— DATA UNDER STUDY —
--------------------

theorem supertableaux_chain_sum:
  fixes x u :: "nat \<Rightarrow> 'a::comm_ring_1" and n :: nat and lam :: "nat list"
  assumes P: "is_partition lam"
  defines "N \<equiv> sum_list lam" and "xs \<equiv> map x [1..<Suc n]" and "q \<equiv> 1 - int (n + sum_list lam)"
  shows "(\<Sum>T \<in> supertableaux n lam.
       (\<Prod>a \<in> {a \<in> boxes lam. \<not> is_primed (T a)}. x (symval (T a))) *
       (\<Prod>a \<in> {a \<in> boxes lam. is_primed (T a)}. - u (symval (T a))))
    = chain_sum (boxes lam) (xu_ops u xs q @ u_ops u (q + int (length xs)) (n + N)) {} (boxes lam)"
proof -
  define X where "X = map (\<lambda>m (a::nat \<times> nat). x m) [1..<Suc n]"
  define U where "U = u_ops u (q + int (length xs)) (n + N)"
  have LSh: "boxes lam \<in> shapes_in (boxes lam)" using boxes_in_shapes_in[OF P] .
  have U_map: "map (\<lambda>m a. neg_u u (primed_value lam m a)) [1..<Suc (n + N)] = U"
    unfolding U_def u_ops_map u_op_def xs_def q_def N_def primed_value_def by (simp add: algebra_simps del: upt_Suc)
  have "(\<Sum>T \<in> supertableaux n lam.
       (\<Prod>a \<in> {a \<in> boxes lam. \<not> is_primed (T a)}. x (symval (T a))) *
       (\<Prod>a \<in> {a \<in> boxes lam. is_primed (T a)}. - u (symval (T a))))
    = (\<Sum>nu\<in>shapes_in (boxes lam). chain_sum (boxes lam) X {} nu * chain_sum (boxes lam) U nu (boxes lam))"
    unfolding supertableaux_sum_split[OF P] N_def
  proof (rule sum.cong[OF refl])
    fix nu assume nu: "nu \<in> shapes_in (boxes lam)"
    have nuL: "nu \<subseteq> boxes lam" using nu by (simp add: shapes_in_def)
    show "(\<Sum>Pm\<in>skew_ssyt {} nu n. \<Prod>a\<in>nu - {}. x (Pm a)) *
        (\<Sum>Q\<in>skew_ssyt nu (boxes lam) (n + sum_list lam). \<Prod>a\<in>boxes lam - nu. neg_u u (primed_value lam (Q a) a))
      = chain_sum (boxes lam) X {} nu * chain_sum (boxes lam) U nu (boxes lam)"
    proof -
      have "(\<Sum>Pm\<in>skew_ssyt {} nu n. \<Prod>a\<in>nu - {}. x (Pm a)) = chain_sum (boxes lam) X {} nu"
        unfolding X_def by (rule skew_ssyt_chain_sum[OF finite_boxes empty_in_shapes_in nu]) simp
      moreover have "(\<Sum>Q\<in>skew_ssyt nu (boxes lam) (n + sum_list lam).
          \<Prod>a\<in>boxes lam - nu. neg_u u (primed_value lam (Q a) a)) = chain_sum (boxes lam) U nu (boxes lam)"
        unfolding U_map[symmetric] N_def by (rule skew_ssyt_chain_sum[OF finite_boxes nu LSh nuL])
      ultimately show ?thesis by simp
    qed
  qed
  also have "\<dots> = chain_sum (boxes lam) (X @ U) {} (boxes lam)"
    using chain_sum_append[OF finite_boxes empty_in_shapes_in, where gs=X and gs'=U and E="boxes lam"] by simp
  also have "\<dots> = chain_sum (boxes lam) (xu_ops u xs q @ U) {} (boxes lam)"
    unfolding X_def xs_def
    by (intro chain_sum_cong list_all2_appendI x_ops_as_xu_ops) (simp_all add: q_def list.rel_refl)
  finally show ?thesis unfolding U_def .
qed

text \<open>
  The right-hand side is the chain sum of the x- and u-operators; reordering them leaves the
  chain sum that computes s_lambda(x|u).\<close>

theorem proposition4p1:
  fixes n :: nat and lam :: "nat list"
    and x :: "nat \<Rightarrow> 'a::comm_ring_1" and u :: "nat \<Rightarrow> 'a"
  assumes "0 < n" and "is_partition lam" and "length lam \<le> n"
  shows "factorial_schur n lam x u =
    (\<Sum>T \<in> supertableaux n lam.
       (\<Prod>a \<in> {a \<in> boxes lam. \<not> is_primed (T a)}. x (symval (T a))) *
       (\<Prod>a \<in> {a \<in> boxes lam. is_primed (T a)}. - u (symval (T a))))"
proof -
  define xs where "xs = map x [1..<Suc n]"
  define q where "q = 1 - int (n + sum_list lam)"
  have "(\<Sum>T \<in> supertableaux n lam.
       (\<Prod>a \<in> {a \<in> boxes lam. \<not> is_primed (T a)}. x (symval (T a))) *
       (\<Prod>a \<in> {a \<in> boxes lam. is_primed (T a)}. - u (symval (T a))))
    = chain_sum (boxes lam) (xu_ops u xs q @ u_ops u (q + int (length xs)) (n + sum_list lam)) {} (boxes lam)"
    unfolding xs_def q_def by (rule supertableaux_chain_sum[OF assms(2)])
  also have "\<dots> = chain_sum (boxes lam) (xu_ops u xs 1) {} (boxes lam)"
    using chain_sum_reorder[OF finite_boxes boxes_rows, of q "n + sum_list lam"] unfolding q_def by simp
  also have "\<dots> = factorial_schur n lam x u"
    unfolding xs_def by (rule factorial_schur_chain_sum[OF assms(2), symmetric])
  finally show ?thesis ..
qed

end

--------------------

— EXERCISE DETAILS —
Filter the entries down to the lines holding the string "where". Copy each of those lines.

— RESULT OF THIS TASK —
  define X where "X = map (\<lambda>m (a::nat \<times> nat). x m) [1..<Suc n]"
  define U where "U = u_ops u (q + int (length xs)) (n + N)"
    using chain_sum_append[OF finite_boxes empty_in_shapes_in, where gs=X and gs'=U and E="boxes lam"] by simp
  define xs where "xs = map x [1..<Suc n]"
  define q where "q = 1 - int (n + sum_list lam)"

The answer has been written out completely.